Although Cabot was prominently featured in the blockbuster King Kong (1933 film) in 1933, he was not able to maintain a career as a lead actor but was a prolific supporting player. He was a villain in the '30s, playing a gangster boss in "Let 'Em Have It" (1936) and the Native American brave Magua after Randolph Scott in The Last of the Mohicans (1936), he supported Spencer Tracy as the leader of a lynch mob in "Fury" (1936). A freelance, he appeared in movies at many studios before leaving Hollywood for military service.
[edit] World War II
Cabot worked for the United States Army Military Intelligence overseas during World War II. He was a first lieutenant in the U.S. Air Force and the Air Transport Command Operations Officer in Tunis. While there he was implicated by the Army Counter-Intelligence Corps in a gold smuggling ring that shipped Nazi gold to Brazil[1].

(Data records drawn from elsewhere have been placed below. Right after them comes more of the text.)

(* Let $\Omega\subset\mathbb{C}^n$ ($n\geq2$) be a bounded domain equipped with a Finsler metric $F$ whose distance $d_F$ is complete, and assume $(\Omega,d_F)$ is Gromov hyperbolic. Suppose there are constants $C_1,C_2,\alpha>0$ and $0<\beta<1$ such that \[ d_F(x,y)\geq \alpha\left|\log\left(\frac{\delta(x)}{\delta(y)}\right)\right|-C_1\quad\text{for all }x,y\in\Omega, \] and \[ F(z,X)\geq\frac{C_2|X|}{\delta(z)^{\beta}}\quad\text{for all }z\in\Omega,\ 0\neq X\in\mathbb{C}^n. \] Let $\lambda\ge1$. Then there exists a constant $C=C(\lambda)>0$ such that for all $x,y\in\Omega$ and every Finsler $\lambda$-quasi-geodesic $\gamma$ in $\Omega$ connecting $x$ and $y$, \[ d_F(x,y)\geq2\alpha\log\left(\frac{L(\gamma)^{\frac{1}{\beta}}}{\sqrt{\delta(x)\delta(y)}}\right)-C, \] where $L(\gamma)$ is the Euclidean length of $\gamma$.
   Context: $\delta(z)$ is the Euclidean distance from $z$ to $\partial\Omega$. A Finsler metric on $\Omega$ is an upper semicontinuous map $F:\Omega\times\mathbb{C}^n\to[0,\infty)$ with $F(z;tX)=|t|F(z;X)$ for $t\in\mathbb{C}$; its distance $d_F(x,y)$ is the infimum of $\int_0^1F(\gamma(t);\dot\gamma(t))\,dt$ over piecewise $C^1$ curves $\gamma:[0,1]\to\Omega$ from $x$ to $y$. $(\Omega,d_F)$ is Gromov hyperbolic if it is a proper geodesic metric space and there is $\delta_0\ge0$ with $(x|y)_\omega\ge\min\{(x|z)_\omega,(z|y)_\omega\}-\delta_0$ for all $x,y,z,\omega$, where $(x|y)_\omega=\frac12(d_F(x,\omega)+d_F(y,\omega)-d_F(x,y))$. A Finsler $\lambda$-quasi-geodesic is a curve $\gamma:I\to\Omega$ with $\lambda^{-1}|t-s|\le d_F(\gamma(t),\gamma(s))\le\lambda|t-s|$ for all $s,t\in I$. The constant $C$ may also depend on $\Omega,F$ and the given constants. *)

theory Defs
  imports "HOL-Analysis.Analysis"
begin

definition bdist :: "(complex^'n) set \<Rightarrow> complex^'n \<Rightarrow> real" where
  "bdist \<Omega> z = infdist z (frontier \<Omega>)"

definition finsler_metric :: "(complex^'n) set \<Rightarrow> (complex^'n \<Rightarrow> complex^'n \<Rightarrow> real) \<Rightarrow> bool" where
  "finsler_metric \<Omega> F \<longleftrightarrow>
     (\<forall>z\<in>\<Omega>. \<forall>X. F z X \<ge> 0) \<and>
     (\<forall>z\<in>\<Omega>. \<forall>X. \<forall>t::complex. F z (t *s X) = norm t * F z X) \<and>
     (\<forall>c::real. openin (top_of_set (\<Omega> \<times> UNIV)) {p \<in> \<Omega> \<times> UNIV. F (fst p) (snd p) < c})"

definition curves :: "(complex^'n) set \<Rightarrow> complex^'n \<Rightarrow> complex^'n \<Rightarrow> (real \<Rightarrow> complex^'n) set" where
  "curves \<Omega> x y = {\<gamma>. \<gamma> piecewise_C1_differentiable_on {0..1} \<and> \<gamma> ` {0..1} \<subseteq> \<Omega> \<and>
                      \<gamma> 0 = x \<and> \<gamma> 1 = y}"

definition finsler_length :: "(complex^'n \<Rightarrow> complex^'n \<Rightarrow> real) \<Rightarrow> (real \<Rightarrow> complex^'n) \<Rightarrow> ennreal" where
  "finsler_length F \<gamma> = (\<integral>\<^sup>+ t\<in>{0..1}. ennreal (F (\<gamma> t) (vector_derivative \<gamma> (at t))) \<partial>lborel)"

definition finsler_dist :: "(complex^'n) set \<Rightarrow> (complex^'n \<Rightarrow> complex^'n \<Rightarrow> real) \<Rightarrow> complex^'n \<Rightarrow> complex^'n \<Rightarrow> real" where
  "finsler_dist \<Omega> F x y = enn2real (INF \<gamma>\<in>curves \<Omega> x y. finsler_length F \<gamma>)"

definition gromov_prod :: "('a \<Rightarrow> 'a \<Rightarrow> real) \<Rightarrow> 'a \<Rightarrow> 'a \<Rightarrow> 'a \<Rightarrow> real" where
  "gromov_prod d x y w = (d x w + d y w - d x y) / 2"

definition proper_space :: "'a set \<Rightarrow> ('a \<Rightarrow> 'a \<Rightarrow> real) \<Rightarrow> bool" where
  "proper_space M d \<longleftrightarrow>
     (\<forall>x\<in>M. \<forall>r. compactin (Metric_space.mtopology M d) (Metric_space.mcball M d x r))"

definition geodesic_space :: "'a set \<Rightarrow> ('a \<Rightarrow> 'a \<Rightarrow> real) \<Rightarrow> bool" where
  "geodesic_space M d \<longleftrightarrow>
     (\<forall>x\<in>M. \<forall>y\<in>M. \<exists>g::real \<Rightarrow> 'a. g ` {0..d x y} \<subseteq> M \<and> g 0 = x \<and> g (d x y) = y \<and>
        (\<forall>s\<in>{0..d x y}. \<forall>t\<in>{0..d x y}. d (g s) (g t) = \<bar>s - t\<bar>))"

definition gromov_hyperbolic :: "'a set \<Rightarrow> ('a \<Rightarrow> 'a \<Rightarrow> real) \<Rightarrow> bool" where
  "gromov_hyperbolic M d \<longleftrightarrow>
     Metric_space M d \<and> proper_space M d \<and> geodesic_space M d \<and>
     (\<exists>\<delta>0\<ge>0. \<forall>x\<in>M. \<forall>y\<in>M. \<forall>z\<in>M. \<forall>w\<in>M.
        gromov_prod d x y w \<ge> min (gromov_prod d x z w) (gromov_prod d z y w) - \<delta>0)"

definition quasi_geodesic :: "'a set \<Rightarrow> ('a \<Rightarrow> 'a \<Rightarrow> real) \<Rightarrow> real \<Rightarrow> (real \<Rightarrow> 'a) \<Rightarrow> real set \<Rightarrow> bool" where
  "quasi_geodesic M d lam \<gamma> I \<longleftrightarrow> \<gamma> ` I \<subseteq> M \<and>
     (\<forall>s\<in>I. \<forall>t\<in>I. \<bar>t - s\<bar> / lam \<le> d (\<gamma> t) (\<gamma> s) \<and> d (\<gamma> t) (\<gamma> s) \<le> lam * \<bar>t - s\<bar>)"

definition euclid_length :: "(real \<Rightarrow> 'a::real_normed_vector) \<Rightarrow> real \<Rightarrow> real \<Rightarrow> real" where
  "euclid_length \<gamma> a b = Sup {(\<Sum>i<n. norm (\<gamma> (t (Suc i)) - \<gamma> (t i))) | t n.
       t 0 = a \<and> t n = b \<and> (\<forall>i<n. t i \<le> t (Suc i))}"

end

theory Submission
  imports Defs
begin

(* Gromov hyperbolicity forces a lambda-quasi-geodesic gamma from x to y to stay uniformly close
   to a geodesic, so every point gamma t has bounded Gromov product (x|y) at gamma t; this Morse-type
   bound is obtained by chaining the four-point condition along discretisations of both curves.
   With the first hypothesis, ln (delta (gamma t)) then lies below a tent function of the
   parameter whose peak is (ln (delta x) + ln (delta y)) / 2 + d_F(x, y) / (2 alpha) and whose
   slopes are 1 / (lam alpha), so delta (gamma t) ^ beta decays exponentially away from the peak.
   The second hypothesis bounds the Euclidean speed of gamma by a constant times
   delta (gamma t) ^ beta on short parameter intervals.  Summing the exponential decay bounds
   L(gamma) by a constant times exp (beta ((ln (delta x) + ln (delta y)) / 2 + d_F(x, y) / (2 alpha))),
   which is the claim after taking logarithms. *)

section \<open>Real inequalities\<close>

lemma le_of_le_add_mult_ln:
  fixes x A c B E :: real
  assumes "0 \<le> c" "0 \<le> B" "0 < E" "0 \<le> x" and x: "x \<le> A + c * ln (B * x + E)"
  shows "x \<le> 2 * A + 2 * c * ln (2 * c * B + E)"
proof -
  define M where "M = 2 * c * B + E"
  define Y where "Y = B * x + E"
  have M: "0 < M" and Y: "0 < Y"
    using assms by (auto simp: M_def Y_def add_nonneg_pos)
  have "ln (Y / M) \<le> Y / M - 1"
    using M Y by (intro ln_le_minus_one) simp
  then have "c * ln Y \<le> c * (ln M + Y / M - 1)"
    using M Y \<open>0 \<le> c\<close> by (intro mult_left_mono) (simp_all add: ln_div)
  also have "\<dots> = c * ln M + c * (Y / M) - c"
    by (simp add: algebra_simps)
  \<comment> \<open>the choice of \<open>M\<close> makes the linear term at most \<open>x / 2\<close>\<close>
  also have "c * (Y / M) \<le> x / 2 + c"
  proof -
    have "c * Y \<le> M * (x / 2 + c)"
      using assms by (simp add: M_def Y_def algebra_simps)
    then show ?thesis using M by (simp add: divide_le_eq mult.commute)
  qed
  finally show ?thesis using x by (simp add: M_def Y_def)
qed

lemma le_two_power_ceiling_log:
  fixes Y :: real
  assumes "1 \<le> Y"
  shows "Y \<le> 2 ^ nat \<lceil>log 2 Y\<rceil>"
proof -
  have "Y = 2 powr log 2 Y" using assms by simp
  also have "\<dots> \<le> 2 powr real (nat \<lceil>log 2 Y\<rceil>)"
    using assms by (intro powr_mono) auto
  finally show ?thesis by (simp add: powr_realpow)
qed

lemma exists_step_crossing:
  fixes s :: "nat \<Rightarrow> real"
  assumes "s 0 \<le> t" "t < s m"
  shows "\<exists>j<m. s j \<le> t \<and> t < s (Suc j)"
  using assms(2)
proof (induction m)
  case 0
  then show ?case using assms(1) by simp
next
  case (Suc m)
  show ?case
  proof (cases "t < s m")
    case True
    then show ?thesis using Suc.IH by (meson less_SucI)
  qed (use Suc.prems in auto)
qed

lemma exists_close_of_steps_le_one:
  fixes u :: "nat \<Rightarrow> real"
  assumes steps: "\<And>k. k < N \<Longrightarrow> \<bar>u (Suc k) - u k\<bar> \<le> 1" and "u 0 \<le> v" "v \<le> u N"
  shows "\<exists>k\<le>N. \<bar>u k - v\<bar> \<le> 1"
proof (cases "v = u N")
  case False
  then obtain j where "j < N" "u j \<le> v" "v < u (Suc j)"
    using exists_step_crossing[of u v N] assms by auto
  then show ?thesis using steps[of j] by (intro exI[of _ j]) auto
qed auto

lemma exists_uniform_grid:
  fixes a b \<theta> :: real
  assumes "a < b" "0 < \<theta>"
  obtains N h where "1 \<le> N" "0 < h" "h \<le> \<theta>" "b = a + real N * h"
proof -
  define N where "N = nat \<lceil>(b - a) / \<theta>\<rceil>"
  have "0 < (b - a) / \<theta>" using assms by simp
  then have N: "1 \<le> N" and "(b - a) / \<theta> \<le> real N" unfolding N_def by linarith+
  then have "(b - a) / real N \<le> \<theta>"
    using assms by (simp add: divide_le_eq mult.commute)
  moreover have "0 < (b - a) / real N" "b = a + real N * ((b - a) / real N)"
    using assms N by auto
  ultimately show ?thesis using that N by blast
qed

lemma sum_power_dist_le:
  fixes q :: real
  assumes q: "0 < q" "q < 1"
  shows "(\<Sum>k<N. q ^ (max k k0 - min k k0)) \<le> 2 / (1 - q)"
proof -
  have right: "(\<Sum>k\<in>{..<N} \<inter> {k0..}. q ^ (max k k0 - min k k0)) \<le> 1 / (1 - q)"
  proof -
    have "(\<Sum>k\<in>{..<N} \<inter> {k0..}. q ^ (max k k0 - min k k0)) = (\<Sum>j<N - k0. q ^ j)"
      by (rule sum.reindex_bij_witness[of _ "\<lambda>j. j + k0" "\<lambda>k. k - k0"]) auto
    also have "\<dots> = (1 - q ^ (N - k0)) / (1 - q)" using q by (simp add: sum_gp_strict)
    also have "\<dots> \<le> 1 / (1 - q)" using q by (intro divide_right_mono) auto
    finally show ?thesis .
  qed
  have left: "(\<Sum>k\<in>{..<N} - {k0..}. q ^ (max k k0 - min k k0)) \<le> 1 / (1 - q)"
  proof -
    have "(\<Sum>k\<in>{..<N} - {k0..}. q ^ (max k k0 - min k k0)) = (\<Sum>k\<in>{..<N} - {k0..}. q ^ (k0 - k))"
      by (rule sum.cong) auto
    also have "\<dots> \<le> (\<Sum>k<k0. q ^ (k0 - k))"
      using q by (intro sum_mono2) auto
    also have "\<dots> = (\<Sum>k<k0. q ^ Suc k)"
      by (rule sum.reindex_bij_witness[of _ "\<lambda>j. k0 - Suc j" "\<lambda>k. k0 - Suc k"])
        (auto simp: power_Suc [symmetric] Suc_diff_Suc)
    also have "\<dots> = q * (\<Sum>k<k0. q ^ k)" by (simp add: sum_distrib_left)
    also have "\<dots> = q * ((1 - q ^ k0) / (1 - q))" using q by (simp add: sum_gp_strict)
    also have "\<dots> \<le> 1 / (1 - q)"
      using q by (simp add: divide_le_eq mult_le_one power_le_one)
    finally show ?thesis .
  qed
  show ?thesis
    using sum.Int_Diff[of "{..<N}" "\<lambda>k. q ^ (max k k0 - min k k0)" "{k0..}"] left right by simp
qed

lemma riemann_sum_exp_decay_le:
  fixes c h :: real
  assumes c: "0 < c" and h: "0 < h" "h \<le> 1"
  shows "h * (\<Sum>k<N. exp (- (c * h) * \<bar>real k - real k0\<bar>)) \<le> 2 * (1 + c) / c"
proof -
  define q where "q = exp (- (c * h))"
  have q: "0 < q" "q < 1" using c h by (auto simp: q_def)
  have "exp (- (c * h) * \<bar>real k - real k0\<bar>) = q ^ (max k k0 - min k k0)" for k
  proof -
    have "\<bar>real k - real k0\<bar> = real (max k k0 - min k k0)" by (simp add: of_nat_diff)
    then show ?thesis by (simp add: q_def exp_of_nat_mult [symmetric] mult.commute)
  qed
  then have "h * (\<Sum>k<N. exp (- (c * h) * \<bar>real k - real k0\<bar>)) = h * (\<Sum>k<N. q ^ (max k k0 - min k k0))"
    by simp
  also have "\<dots> \<le> h * (2 / (1 - q))"
    using h by (intro mult_left_mono sum_power_dist_le q) simp
  \<comment> \<open>\<open>1 - exp (- c h) \<ge> c h / (1 + c h)\<close>, from \<open>exp (c h) \<ge> 1 + c h\<close>\<close>
  also have "\<dots> \<le> h * (2 * (1 + c * h) / (c * h))"
  proof -
    have ch: "0 < 1 + c * h" using c h by (simp add: add_pos_pos)
    have "1 + c * h \<le> exp (c * h)" by (rule exp_ge_add_one_self)
    then have "q \<le> inverse (1 + c * h)"
      unfolding q_def exp_minus using ch by (intro le_imp_inverse_le) auto
    moreover have "1 - inverse (1 + c * h) = c * h / (1 + c * h)"
      using ch by (simp add: field_simps)
    ultimately have "c * h / (1 + c * h) \<le> 1 - q" by linarith
    moreover have "0 < c * h / (1 + c * h)" using c h ch by simp
    ultimately have "2 / (1 - q) \<le> 2 / (c * h / (1 + c * h))"
      using q by (intro divide_left_mono mult_pos_pos) auto
    then show ?thesis using h by (intro mult_left_mono) auto
  qed
  also have "\<dots> \<le> 2 * (1 + c) / c"
    using c h by (simp add: field_simps)
  finally show ?thesis .
qed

[edit] Career after the war
After the war, he continued to work steadily. He met John Wayne on the set of Angel and the Badman (1947) and the two became very good friends. He became a first choice for supporting roles in John Wayne's movies. The twelve later Wayne films in which they appeared together were The Best of the Badmen (1951), The Comancheros (1961), Hatari! (1962), McLintock! (1963), In Harm's Way (1965), The War Wagon (1967), The Green Berets (1968), Hellfighters (1968), The Undefeated (1969), Chisum (1970), and Big Jake (1971).
Cabot's final film appearance was in the James Bond film Diamonds Are Forever (1971).
[edit] Trivia
- The character of "Bruce Baxter" in the 2005 remake of King Kong was based on Cabot.
- The 2005 remake includes a dedication to the other two lead actors in the 1933 original, but not to Cabot.